To reduce the risk of fire, my yoga mat also contains organophosphate flame retardants, or PFRs. But PFRs carry their own risks: a study published in 2017 in the journal Environmental Health Perspectives, for example, concluded that exposure to PFRs affects fertility. The researchers followed 211 women who went to Massachusetts General Hospital to be evaluated for in vitro fertilization. The researchers checked the women’s urine for metabolized PFRs and found that those who had the highest amount of two specific metabolites, DPHP and ip-PPP, in their urine were 10% less likely to achieve fertilization, 31% less likely to have an embryo successfully implanted in their uteruses, and 41% less likely to achieve pregnancy, compared to those who had significantly lower levels of those metabolites in their urine.

So does that mean that using my yoga mat would affect my chances of having a successful pregnancy? There’s no way to know, because the Massachusetts study did not attempt to determine PFR exposure levels for people who used various products that contained the retardant, according to an article by Dr. Bruce Lee, an internal medicine physician and professor at the City University of New York who was not involved with the study.

What does seem clear is that PFR molecules are so common in the air that eliminating one source of them — such as my yoga mat — might not affect my overall exposure very much, according to another study.

So, what’s the takeaway from this exploration of the potential hazards of my yoga mat? My conclusion is that while the risks seem to be pretty low, the experts know enough to be concerned — and that there is still a huge amount of uncertainty due to gaps in the data and the fact that because controlled experiments on rodents in laboratories aren’t comparable to human risks in the real world.

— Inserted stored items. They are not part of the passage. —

(* Consider the following model. A principal P and an agent A interact over two periods $t\in\{1,2\}$. States $\omega_t\in\{0,1\}$ satisfy $\Pr[\omega_1=1]=\mu_0\in(0,1)$ and $\Pr[\omega_2=\omega\mid\omega_1=\omega]=\rho\in(1/2,1)$. In each period A chooses $e_t\in\{0,1\}$; if $e_t=1$ he observes $\omega_t$, if $e_t=0$ he observes $\omega_t$ with probability $\pi\in(0,1)$ and nothing otherwise. A reports $r_t\in\{\varnothing,\omega_t\}$ if he observed $\omega_t$, else $r_t=\varnothing$. P chooses $x$ at the end of period 2. Payoffs: P gets $\mathbb{1}[x=\omega_2]-k(e_1+e_2)$, A gets $x-c(e_1+e_2)$, $c,k>0$. Let $\kappa=k/(1-\pi)$, $\gamma=c/(1-\pi)$, $\mu_2(\varnothing)=\rho\mu_0+(1-\rho)(1-\mu_0)$, and assume $\kappa\in(1-\rho,\min\{\mu_2(\varnothing),1-\mu_2(\varnothing)\}]$ and $\gamma\le1-\rho$. Consider the mechanism with $\sigma_1=0$, $\sigma_2(r_1)=\mathbb{1}[r_1=\varnothing]$, and $\hat x(r_1,1)=1$, $\hat x(r_1,0)=0$ for all $r_1$, $\hat x(1,\varnothing)=1$, $\hat x(0,\varnothing)=0$, $\hat x(\varnothing,\varnothing)=0$. Consider A's deviation strategy: test in period 1; report $r_1=1$ if $\omega_1=1$ and $r_1=\varnothing$ otherwise; if $\omega_1=1$, do not test in period 2 and report a freely observed $\omega_2$ if and only if $\omega_2=1$; if $\omega_1=0$, test again in period 2 and report the result. Then this deviation gives A a strictly higher expected payoff than his best strategy among those that do not test in period 1 if and only if $$\gamma<\bar\gamma':=\frac{\mu_0(1-\rho)}{1-\mu_0(1-\pi)}.$$
   Context: The mechanism described is the baseline (first-best, efficient-assignment) mechanism for this range of $\kappa$, modified so that no report after a requested test yields assignment $0$. A best-responds to the committed mechanism. *)

theory Defs
  imports Complex_Main
begin

text \<open>States \<omega>_t are booleans (True = 1, False = 0). A period-t signal/report is a
  bool option (None = nothing observed / empty report \<open>\<emptyset>\<close>).\<close>

text \<open>Pure strategy of A: (e_1, report rule in period 1 as a function of the period-1
  signal, period-2 effort as a function of the period-1 signal, period-2 report rule
  as a function of both signals).\<close>
type_synonym strategy =
  "bool \<times> (bool option \<Rightarrow> bool option) \<times> (bool option \<Rightarrow> bool) \<times>
   (bool option \<Rightarrow> bool option \<Rightarrow> bool option)"

definition st_e1 :: "strategy \<Rightarrow> bool" where "st_e1 s = fst s"
definition st_r1 :: "strategy \<Rightarrow> bool option \<Rightarrow> bool option" where "st_r1 s = fst (snd s)"
definition st_e2 :: "strategy \<Rightarrow> bool option \<Rightarrow> bool" where "st_e2 s = fst (snd (snd s))"
definition st_r2 :: "strategy \<Rightarrow> bool option \<Rightarrow> bool option \<Rightarrow> bool option"
  where "st_r2 s = snd (snd (snd s))"

definition feasible_report :: "bool option \<Rightarrow> bool option \<Rightarrow> bool" where
  "feasible_report sg r \<longleftrightarrow> r = None \<or> r = sg"

definition feasible :: "strategy \<Rightarrow> bool" where
  "feasible s \<longleftrightarrow> (\<forall>sg. feasible_report sg (st_r1 s sg)) \<and>
                   (\<forall>sg1 sg2. feasible_report sg2 (st_r2 s sg1 sg2))"

definition ind :: "bool \<Rightarrow> real" where "ind b = (if b then 1 else 0)"

definition prior :: "real \<Rightarrow> bool \<Rightarrow> real" where
  "prior mu0 w = (if w then mu0 else 1 - mu0)"

definition trans :: "real \<Rightarrow> bool \<Rightarrow> bool \<Rightarrow> real" where
  "trans rho w w' = (if w' = w then rho else 1 - rho)"

definition obsp :: "real \<Rightarrow> bool \<Rightarrow> bool \<Rightarrow> real" where
  "obsp pp e ob = (if e then (if ob then 1 else 0) else (if ob then pp else 1 - pp))"

definition signal :: "bool \<Rightarrow> bool \<Rightarrow> bool option" where
  "signal ob w = (if ob then Some w else None)"

definition xhat :: "bool option \<Rightarrow> bool option \<Rightarrow> real" where
  "xhat r1 r2 = (case r2 of Some b \<Rightarrow> ind b | None \<Rightarrow> ind (r1 = Some True))"

definition payoffA :: "real \<Rightarrow> real \<Rightarrow> real \<Rightarrow> real \<Rightarrow> strategy \<Rightarrow> real" where
  "payoffA mu0 rho pp c s =
     (\<Sum>w1\<in>UNIV. \<Sum>w2\<in>UNIV. \<Sum>ob1\<in>UNIV. \<Sum>ob2\<in>UNIV.
        (let sg1 = signal ob1 w1; e2 = st_e2 s sg1; sg2 = signal ob2 w2 in
          prior mu0 w1 * trans rho w1 w2 * obsp pp (st_e1 s) ob1 * obsp pp e2 ob2 *
          (xhat (st_r1 s sg1) (st_r2 s sg1 sg2) - c * (ind (st_e1 s) + ind e2))))"

definition deviation :: strategy where
  "deviation = (True,
     (\<lambda>sg. if sg = Some True then Some True else None),
     (\<lambda>sg. sg = Some False),
     (\<lambda>sg1 sg2. if sg1 = Some True then (if sg2 = Some True then Some True else None)
                else sg2))"

end

theory Submission imports Defs begin

text \<open>Without a period-1 test, a feasible report can never secure more than what A
  actually observed: \<open>x = 1\<close> if he saw \<open>\<omega>\<^sub>1 = 1\<close>, and otherwise \<open>x = 1\<close> only if he saw
  \<open>\<omega>\<^sub>2 = 1\<close>. Since \<open>\<gamma> \<le> 1 - \<rho>\<close> and every posterior of \<open>\<omega>\<^sub>2 = 1\<close> that matters is at least
  \<open>1 - \<rho>\<close>, a period-2 test is always worth its cost, so the best such strategy reports
  truthfully and tests in period 2 unless \<open>\<omega>\<^sub>1 = 1\<close> was seen. Comparing its payoff with
  that of the deviation leaves the sign of \<open>(1 - \<pi>) \<mu>\<^sub>0 (1 - \<rho>) - c (1 - \<mu>\<^sub>0 (1 - \<pi>))\<close>.\<close>

definition max_assignment :: "bool option \<Rightarrow> bool option \<Rightarrow> real" where
  "max_assignment sg1 sg2 = (if sg1 = Some True then 1 else ind (sg2 = Some True))"

lemma xhat_le_max_assignment:
  assumes "feasible_report sg1 r1" "feasible_report sg2 r2"
  shows "xhat r1 r2 \<le> max_assignment sg1 sg2"
  using assms
  by (cases sg1; cases sg2) (auto simp: feasible_report_def xhat_def max_assignment_def ind_def)

definition max_report_payoff ::
    "real \<Rightarrow> real \<Rightarrow> real \<Rightarrow> real \<Rightarrow> (bool option \<Rightarrow> bool) \<Rightarrow> real" where
  "max_report_payoff mu0 rho pp c e2 =
     (\<Sum>w1\<in>UNIV. \<Sum>w2\<in>UNIV. \<Sum>ob1\<in>UNIV. \<Sum>ob2\<in>UNIV.
        (let sg1 = signal ob1 w1; sg2 = signal ob2 w2 in
          prior mu0 w1 * trans rho w1 w2 * obsp pp False ob1 * obsp pp (e2 sg1) ob2 *
          (max_assignment sg1 sg2 - c * ind (e2 sg1))))"

lemma payoffA_le_max_report_payoff:
  assumes "feasible s" "\<not> st_e1 s"
    and "0 \<le> mu0" "mu0 \<le> 1" "0 \<le> rho" "rho \<le> 1" "0 \<le> pp" "pp \<le> 1"
  shows "payoffA mu0 rho pp c s \<le> max_report_payoff mu0 rho pp c (st_e2 s)"
proof -
  have "xhat (st_r1 s sg1) (st_r2 s sg1 sg2) \<le> max_assignment sg1 sg2" for sg1 sg2
    using assms(1) by (intro xhat_le_max_assignment) (auto simp: feasible_def)
  moreover have "0 \<le> prior mu0 w1 * trans rho w1 w2 * obsp pp False ob1 * obsp pp e ob2"
    for w1 w2 ob1 ob2 e
    using assms(3-) by (auto simp: prior_def trans_def obsp_def)
  moreover have e1: "st_e1 s = False"
    using assms(2) by simp
  ultimately show ?thesis
    unfolding payoffA_def max_report_payoff_def Let_def e1
    by (intro sum_mono mult_left_mono) (auto simp: ind_def)
qed

lemma max_report_payoff_eq:
  "max_report_payoff mu0 rho pp c e2 =
     pp * mu0 * (1 - c * ind (e2 (Some True)))
   + pp * (1 - mu0) * ((1 - rho) * (if e2 (Some False) then 1 else pp) - c * ind (e2 (Some False)))
   + (1 - pp) * ((rho * mu0 + (1 - rho) * (1 - mu0)) * (if e2 None then 1 else pp)
                 - c * ind (e2 None))"
  by (cases "e2 (Some True)"; cases "e2 (Some False)"; cases "e2 None")
     (simp_all add: max_report_payoff_def max_assignment_def UNIV_bool prior_def trans_def
        obsp_def signal_def ind_def Let_def algebra_simps)

text \<open>\<open>q\<close> is the posterior probability of \<open>\<omega>\<^sub>2 = 1\<close>: a test raises the chance of seeing it
  from \<open>\<pi>\<close> to \<open>1\<close> at cost \<open>c\<close>.\<close>

lemma period2_test_worthwhile:
  fixes q c pp rho :: real
  assumes "c \<le> (1 - rho) * (1 - pp)" "1 - rho \<le> q" "pp \<le> 1"
  shows "q * (if e then 1 else pp) - c * ind e \<le> q - c"
proof -
  have "(1 - rho) * (1 - pp) \<le> q * (1 - pp)"
    using assms(2,3) by (intro mult_right_mono) auto
  then show ?thesis
    using assms(1) by (cases e) (auto simp: ind_def algebra_simps)
qed

definition no_initial_test_value :: "real \<Rightarrow> real \<Rightarrow> real \<Rightarrow> real \<Rightarrow> real" where
  "no_initial_test_value mu0 rho pp c =
     pp * mu0 + pp * (1 - mu0) * ((1 - rho) - c)
   + (1 - pp) * ((rho * mu0 + (1 - rho) * (1 - mu0)) - c)"

lemma max_report_payoff_le:
  assumes "c \<le> (1 - rho) * (1 - pp)" "1/2 \<le> rho"
    and "0 \<le> mu0" "mu0 \<le> 1" "0 \<le> pp" "pp \<le> 1" "0 \<le> c"
  shows "max_report_payoff mu0 rho pp c e2 \<le> no_initial_test_value mu0 rho pp c"
proof -
  have posterior_ge: "1 - rho \<le> rho * mu0 + (1 - rho) * (1 - mu0)"
  proof -
    have "rho * mu0 + (1 - rho) * (1 - mu0) - (1 - rho) = mu0 * (2 * rho - 1)"
      by (simp add: algebra_simps)
    moreover have "0 \<le> mu0 * (2 * rho - 1)"
      using assms(2,3) by simp
    ultimately show ?thesis by linarith
  qed
  note worthwhile = period2_test_worthwhile[OF assms(1) _ assms(6)]
  show ?thesis
    unfolding max_report_payoff_eq no_initial_test_value_def
  proof (intro add_mono)
    show "pp * mu0 * (1 - c * ind (e2 (Some True))) \<le> pp * mu0"
      using assms(3,5,7) by (simp add: ind_def right_diff_distrib)
  qed (use assms(3-6) posterior_ge in \<open>intro mult_left_mono worthwhile; simp\<close>)+
qed

definition truthful_retest :: strategy where
  "truthful_retest = (False, (\<lambda>sg. sg), (\<lambda>sg. sg \<noteq> Some True),
     (\<lambda>sg1 sg2. if sg1 = Some True then (if sg2 = Some True then Some True else None) else sg2))"

lemma feasible_truthful_retest: "feasible truthful_retest" "\<not> st_e1 truthful_retest"
  by (auto simp: truthful_retest_def feasible_def feasible_report_def st_r1_def st_r2_def st_e1_def)

lemma payoffA_truthful_retest:
  "payoffA mu0 rho pp c truthful_retest = no_initial_test_value mu0 rho pp c"
  by (simp add: payoffA_def truthful_retest_def no_initial_test_value_def st_r1_def st_r2_def
      st_e1_def st_e2_def xhat_def UNIV_bool prior_def trans_def obsp_def signal_def ind_def
      Let_def algebra_simps)

lemma Max_no_initial_test_payoffA:
  assumes "c \<le> (1 - rho) * (1 - pp)" "1/2 \<le> rho" "rho \<le> 1"
    and "0 \<le> mu0" "mu0 \<le> 1" "0 \<le> pp" "pp \<le> 1" "0 \<le> c"
  shows "Max (payoffA mu0 rho pp c ` {s. feasible s \<and> \<not> st_e1 s})
           = no_initial_test_value mu0 rho pp c"
proof (rule Max_eqI)
  show "finite (payoffA mu0 rho pp c ` {s. feasible s \<and> \<not> st_e1 s})"
    by simp
  show "no_initial_test_value mu0 rho pp c \<in> payoffA mu0 rho pp c ` {s. feasible s \<and> \<not> st_e1 s}"
    using feasible_truthful_retest payoffA_truthful_retest by (metis (mono_tags) image_eqI mem_Collect_eq)
  fix v
  assume "v \<in> payoffA mu0 rho pp c ` {s. feasible s \<and> \<not> st_e1 s}"
  then obtain s where "feasible s" "\<not> st_e1 s" and v: "v = payoffA mu0 rho pp c s"
    by blast
  then have "v \<le> max_report_payoff mu0 rho pp c (st_e2 s)"
    using payoffA_le_max_report_payoff assms by auto
  also have "\<dots> \<le> no_initial_test_value mu0 rho pp c"
    using max_report_payoff_le assms by blast
  finally show "v \<le> no_initial_test_value mu0 rho pp c" .
qed

lemma payoffA_deviation:
  "payoffA mu0 rho pp c deviation = mu0 * (1 - c) + (1 - mu0) * ((1 - rho) - 2 * c)"
  by (simp add: payoffA_def deviation_def st_r1_def st_r2_def st_e1_def st_e2_def xhat_def
      UNIV_bool prior_def trans_def obsp_def signal_def ind_def Let_def algebra_simps)

text \<open>The bounds on \<open>\<kappa> = k / (1 - \<pi>)\<close> only single out the mechanism; A's comparison does
  not involve \<open>k\<close>.\<close>

theorem propositionC4:
  fixes mu0 rho pp c k :: real
  assumes "0 < mu0" "mu0 < 1"
    and "1/2 < rho" "rho < 1"
    and "0 < pp" "pp < 1"
    and "0 < c" "0 < k"
    and "1 - rho < k / (1 - pp)"
    and "k / (1 - pp) \<le> min (rho * mu0 + (1 - rho) * (1 - mu0))
                              (1 - (rho * mu0 + (1 - rho) * (1 - mu0)))"
    and "c / (1 - pp) \<le> 1 - rho"
  shows "payoffA mu0 rho pp c deviation >
           Max (payoffA mu0 rho pp c ` {s. feasible s \<and> \<not> st_e1 s})
         \<longleftrightarrow> c / (1 - pp) < mu0 * (1 - rho) / (1 - mu0 * (1 - pp))"
proof -
  have denom_pos: "0 < 1 - mu0 * (1 - pp)"
    using mult_strict_mono'[of mu0 1 "1 - pp" 1] assms(1,2,5,6) by simp
  have "c \<le> (1 - rho) * (1 - pp)"
    using assms(6,11) by (simp add: pos_divide_le_eq)
  then have "Max (payoffA mu0 rho pp c ` {s. feasible s \<and> \<not> st_e1 s})
               = no_initial_test_value mu0 rho pp c"
    using assms by (intro Max_no_initial_test_payoffA) auto
  moreover have "payoffA mu0 rho pp c deviation - no_initial_test_value mu0 rho pp c
                   = (1 - pp) * mu0 * (1 - rho) - c * (1 - mu0 * (1 - pp))"
    unfolding payoffA_deviation no_initial_test_value_def by (simp add: algebra_simps)
  moreover have "c / (1 - pp) < mu0 * (1 - rho) / (1 - mu0 * (1 - pp))
                   \<longleftrightarrow> c * (1 - mu0 * (1 - pp)) < (1 - pp) * mu0 * (1 - rho)"
    using denom_pos assms(6) by (simp add: field_simps)
  ultimately show ?thesis
    by linarith
qed

end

That uncertainty is why many environmental groups advocate for a precautionary approach that promotes safer alternative products, just in case. “Listen: chances are, it’s not going to make you sick in the near term,” says Schade. “We’re not saying throw away your yoga mat. But it’s contributing to exposure to chemicals that over time could maybe pose a risk to your health.”

In the end, I decided to take the yoga mat back to Marshalls and return it. I ended up purchasing a yoga mat made entirely out of cork online. It’s four times the price of my PVC yoga mat, but without the scary warning label, meditating won’t, counterproductively, stress me out.